Aim of the task:
Say how many lines of the records include the string "from". Nothing else belongs in the answer.
⁂
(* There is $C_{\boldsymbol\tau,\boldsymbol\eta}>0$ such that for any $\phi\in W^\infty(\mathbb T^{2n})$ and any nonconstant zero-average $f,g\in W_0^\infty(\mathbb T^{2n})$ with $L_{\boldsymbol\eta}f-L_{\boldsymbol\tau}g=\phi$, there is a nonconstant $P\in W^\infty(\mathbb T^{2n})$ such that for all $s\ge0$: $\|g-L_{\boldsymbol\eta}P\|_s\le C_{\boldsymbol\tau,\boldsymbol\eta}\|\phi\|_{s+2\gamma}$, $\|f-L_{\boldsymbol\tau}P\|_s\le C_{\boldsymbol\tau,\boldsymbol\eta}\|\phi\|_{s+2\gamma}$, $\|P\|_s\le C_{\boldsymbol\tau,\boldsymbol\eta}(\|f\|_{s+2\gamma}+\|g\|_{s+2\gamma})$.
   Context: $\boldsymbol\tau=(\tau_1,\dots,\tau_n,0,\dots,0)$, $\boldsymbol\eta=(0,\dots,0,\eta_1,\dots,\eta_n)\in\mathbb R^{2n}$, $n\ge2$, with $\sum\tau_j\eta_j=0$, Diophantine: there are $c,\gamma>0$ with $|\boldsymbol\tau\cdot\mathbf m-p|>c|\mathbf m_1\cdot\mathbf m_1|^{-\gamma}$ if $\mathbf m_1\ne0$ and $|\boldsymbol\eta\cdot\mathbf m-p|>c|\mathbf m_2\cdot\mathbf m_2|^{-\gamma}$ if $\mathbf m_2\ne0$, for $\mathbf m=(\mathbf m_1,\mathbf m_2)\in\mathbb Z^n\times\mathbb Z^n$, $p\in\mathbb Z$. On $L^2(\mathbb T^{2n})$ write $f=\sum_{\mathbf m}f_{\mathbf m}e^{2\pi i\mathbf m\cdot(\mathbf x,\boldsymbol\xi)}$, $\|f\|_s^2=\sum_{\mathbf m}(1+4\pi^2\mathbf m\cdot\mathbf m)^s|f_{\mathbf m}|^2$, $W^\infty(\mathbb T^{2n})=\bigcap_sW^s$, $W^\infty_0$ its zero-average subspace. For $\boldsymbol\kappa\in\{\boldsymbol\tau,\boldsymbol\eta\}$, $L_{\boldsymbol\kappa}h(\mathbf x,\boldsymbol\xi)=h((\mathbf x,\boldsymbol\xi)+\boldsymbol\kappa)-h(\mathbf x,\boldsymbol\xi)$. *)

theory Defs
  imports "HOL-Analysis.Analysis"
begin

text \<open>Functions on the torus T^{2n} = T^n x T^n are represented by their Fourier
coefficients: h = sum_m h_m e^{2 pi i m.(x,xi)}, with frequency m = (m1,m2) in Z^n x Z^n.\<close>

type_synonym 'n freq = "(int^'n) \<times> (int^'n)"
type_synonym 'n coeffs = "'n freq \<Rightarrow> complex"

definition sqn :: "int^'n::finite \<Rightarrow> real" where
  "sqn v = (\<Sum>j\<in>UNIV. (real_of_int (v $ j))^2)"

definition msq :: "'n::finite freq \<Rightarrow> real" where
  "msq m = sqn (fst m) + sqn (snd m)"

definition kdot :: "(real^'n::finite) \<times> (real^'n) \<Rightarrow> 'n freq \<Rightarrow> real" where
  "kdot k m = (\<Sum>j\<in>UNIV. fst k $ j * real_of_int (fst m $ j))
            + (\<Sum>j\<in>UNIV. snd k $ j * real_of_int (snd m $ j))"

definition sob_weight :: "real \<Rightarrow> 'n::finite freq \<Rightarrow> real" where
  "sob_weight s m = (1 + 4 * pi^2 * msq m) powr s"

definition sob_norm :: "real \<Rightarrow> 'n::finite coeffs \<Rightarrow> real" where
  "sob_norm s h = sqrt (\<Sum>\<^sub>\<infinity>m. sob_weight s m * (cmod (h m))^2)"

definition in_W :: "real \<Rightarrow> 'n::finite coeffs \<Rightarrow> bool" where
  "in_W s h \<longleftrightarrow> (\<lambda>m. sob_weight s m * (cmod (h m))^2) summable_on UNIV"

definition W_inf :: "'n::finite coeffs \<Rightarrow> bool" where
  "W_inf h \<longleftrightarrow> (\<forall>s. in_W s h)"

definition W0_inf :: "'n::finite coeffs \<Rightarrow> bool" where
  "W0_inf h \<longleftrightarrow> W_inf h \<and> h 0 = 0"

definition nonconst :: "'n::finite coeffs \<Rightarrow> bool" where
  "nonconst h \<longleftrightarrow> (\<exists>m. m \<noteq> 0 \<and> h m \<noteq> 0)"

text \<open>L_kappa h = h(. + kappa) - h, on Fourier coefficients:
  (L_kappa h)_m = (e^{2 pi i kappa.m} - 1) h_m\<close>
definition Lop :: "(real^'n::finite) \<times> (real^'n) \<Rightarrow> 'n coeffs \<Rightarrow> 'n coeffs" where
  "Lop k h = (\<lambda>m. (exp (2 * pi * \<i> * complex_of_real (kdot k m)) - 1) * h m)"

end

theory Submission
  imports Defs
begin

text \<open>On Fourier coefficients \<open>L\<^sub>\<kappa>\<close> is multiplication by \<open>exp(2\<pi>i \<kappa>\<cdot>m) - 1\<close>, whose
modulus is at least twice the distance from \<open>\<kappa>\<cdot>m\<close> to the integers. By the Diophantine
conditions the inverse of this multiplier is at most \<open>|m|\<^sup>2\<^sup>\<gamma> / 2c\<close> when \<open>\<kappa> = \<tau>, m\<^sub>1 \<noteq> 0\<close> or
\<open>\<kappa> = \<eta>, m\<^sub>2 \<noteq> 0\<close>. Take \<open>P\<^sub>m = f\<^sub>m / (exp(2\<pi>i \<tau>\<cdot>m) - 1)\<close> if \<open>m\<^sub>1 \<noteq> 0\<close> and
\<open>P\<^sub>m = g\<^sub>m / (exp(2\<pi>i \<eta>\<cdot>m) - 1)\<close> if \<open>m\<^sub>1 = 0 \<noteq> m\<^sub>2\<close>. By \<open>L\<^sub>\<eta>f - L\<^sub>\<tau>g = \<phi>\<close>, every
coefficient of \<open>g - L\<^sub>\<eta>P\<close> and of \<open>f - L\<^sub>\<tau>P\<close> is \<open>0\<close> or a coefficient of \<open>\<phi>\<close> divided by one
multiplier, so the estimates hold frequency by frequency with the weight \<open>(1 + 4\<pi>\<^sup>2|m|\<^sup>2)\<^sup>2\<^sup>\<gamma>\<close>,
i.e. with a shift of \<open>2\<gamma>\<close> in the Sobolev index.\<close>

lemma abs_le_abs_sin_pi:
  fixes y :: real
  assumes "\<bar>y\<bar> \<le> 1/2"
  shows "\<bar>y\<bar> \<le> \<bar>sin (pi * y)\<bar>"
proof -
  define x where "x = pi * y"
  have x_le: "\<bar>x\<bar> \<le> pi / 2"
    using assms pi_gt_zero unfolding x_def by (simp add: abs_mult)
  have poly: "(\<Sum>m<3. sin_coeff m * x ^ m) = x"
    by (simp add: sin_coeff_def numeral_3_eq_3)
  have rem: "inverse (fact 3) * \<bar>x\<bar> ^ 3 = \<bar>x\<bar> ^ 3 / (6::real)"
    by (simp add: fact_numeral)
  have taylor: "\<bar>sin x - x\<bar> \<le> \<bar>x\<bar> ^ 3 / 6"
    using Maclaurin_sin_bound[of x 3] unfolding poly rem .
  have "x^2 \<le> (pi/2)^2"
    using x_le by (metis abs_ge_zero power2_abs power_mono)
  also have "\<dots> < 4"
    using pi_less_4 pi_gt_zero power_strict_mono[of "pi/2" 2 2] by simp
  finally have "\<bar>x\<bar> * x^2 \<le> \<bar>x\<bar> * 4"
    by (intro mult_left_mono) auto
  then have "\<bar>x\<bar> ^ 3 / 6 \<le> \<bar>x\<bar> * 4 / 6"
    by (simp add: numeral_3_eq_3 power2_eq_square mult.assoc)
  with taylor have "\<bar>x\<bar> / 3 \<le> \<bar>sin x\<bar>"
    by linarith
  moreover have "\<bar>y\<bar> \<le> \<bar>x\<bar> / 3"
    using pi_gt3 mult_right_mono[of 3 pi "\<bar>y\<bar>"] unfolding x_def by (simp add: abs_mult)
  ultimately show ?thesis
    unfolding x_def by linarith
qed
⁂
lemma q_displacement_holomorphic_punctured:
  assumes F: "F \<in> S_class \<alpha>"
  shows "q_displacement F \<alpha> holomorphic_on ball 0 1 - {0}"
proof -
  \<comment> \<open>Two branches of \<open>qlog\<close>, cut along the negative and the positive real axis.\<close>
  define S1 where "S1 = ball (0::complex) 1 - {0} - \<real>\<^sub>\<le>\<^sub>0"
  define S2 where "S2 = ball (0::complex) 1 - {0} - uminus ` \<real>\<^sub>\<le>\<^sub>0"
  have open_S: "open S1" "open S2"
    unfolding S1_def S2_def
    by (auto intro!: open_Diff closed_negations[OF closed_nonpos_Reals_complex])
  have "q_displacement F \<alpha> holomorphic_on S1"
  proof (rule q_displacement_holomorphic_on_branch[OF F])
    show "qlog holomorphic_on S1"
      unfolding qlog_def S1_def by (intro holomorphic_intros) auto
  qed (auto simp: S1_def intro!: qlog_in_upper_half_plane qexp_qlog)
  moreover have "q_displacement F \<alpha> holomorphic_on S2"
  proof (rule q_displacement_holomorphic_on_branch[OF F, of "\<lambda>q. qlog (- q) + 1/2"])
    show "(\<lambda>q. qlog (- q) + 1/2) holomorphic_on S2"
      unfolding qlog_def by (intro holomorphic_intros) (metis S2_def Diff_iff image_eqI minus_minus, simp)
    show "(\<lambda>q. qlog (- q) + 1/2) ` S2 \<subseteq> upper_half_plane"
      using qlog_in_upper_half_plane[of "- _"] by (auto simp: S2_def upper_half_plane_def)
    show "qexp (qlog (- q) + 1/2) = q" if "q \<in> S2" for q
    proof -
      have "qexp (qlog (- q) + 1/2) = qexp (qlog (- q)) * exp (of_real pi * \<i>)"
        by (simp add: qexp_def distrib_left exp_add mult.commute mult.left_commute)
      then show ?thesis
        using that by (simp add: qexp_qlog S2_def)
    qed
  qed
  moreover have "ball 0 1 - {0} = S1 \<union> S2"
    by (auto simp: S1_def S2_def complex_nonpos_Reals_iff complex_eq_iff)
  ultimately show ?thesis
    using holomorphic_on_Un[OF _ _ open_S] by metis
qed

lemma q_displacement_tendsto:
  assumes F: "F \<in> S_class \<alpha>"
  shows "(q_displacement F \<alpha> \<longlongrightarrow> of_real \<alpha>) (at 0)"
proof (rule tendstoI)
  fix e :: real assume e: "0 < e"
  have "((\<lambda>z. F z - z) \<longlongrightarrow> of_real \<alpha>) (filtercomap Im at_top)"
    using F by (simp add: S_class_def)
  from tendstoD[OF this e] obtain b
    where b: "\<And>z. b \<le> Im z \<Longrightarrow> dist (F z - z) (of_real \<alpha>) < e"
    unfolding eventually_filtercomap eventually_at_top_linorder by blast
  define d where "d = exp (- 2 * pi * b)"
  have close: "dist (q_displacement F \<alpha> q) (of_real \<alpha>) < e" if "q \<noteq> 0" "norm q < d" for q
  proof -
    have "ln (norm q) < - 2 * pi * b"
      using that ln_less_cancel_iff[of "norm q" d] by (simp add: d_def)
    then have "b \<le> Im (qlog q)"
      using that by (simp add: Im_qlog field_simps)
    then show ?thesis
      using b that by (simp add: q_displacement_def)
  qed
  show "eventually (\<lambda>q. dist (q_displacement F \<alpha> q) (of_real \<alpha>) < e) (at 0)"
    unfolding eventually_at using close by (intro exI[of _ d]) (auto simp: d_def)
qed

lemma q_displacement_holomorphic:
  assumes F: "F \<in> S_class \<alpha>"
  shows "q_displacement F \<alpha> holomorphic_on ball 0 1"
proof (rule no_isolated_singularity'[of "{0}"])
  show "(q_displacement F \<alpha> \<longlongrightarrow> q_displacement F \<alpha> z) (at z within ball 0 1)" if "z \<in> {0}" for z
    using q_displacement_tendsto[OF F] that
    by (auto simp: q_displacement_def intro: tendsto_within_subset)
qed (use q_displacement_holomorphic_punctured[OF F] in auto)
⁂
Response area:
2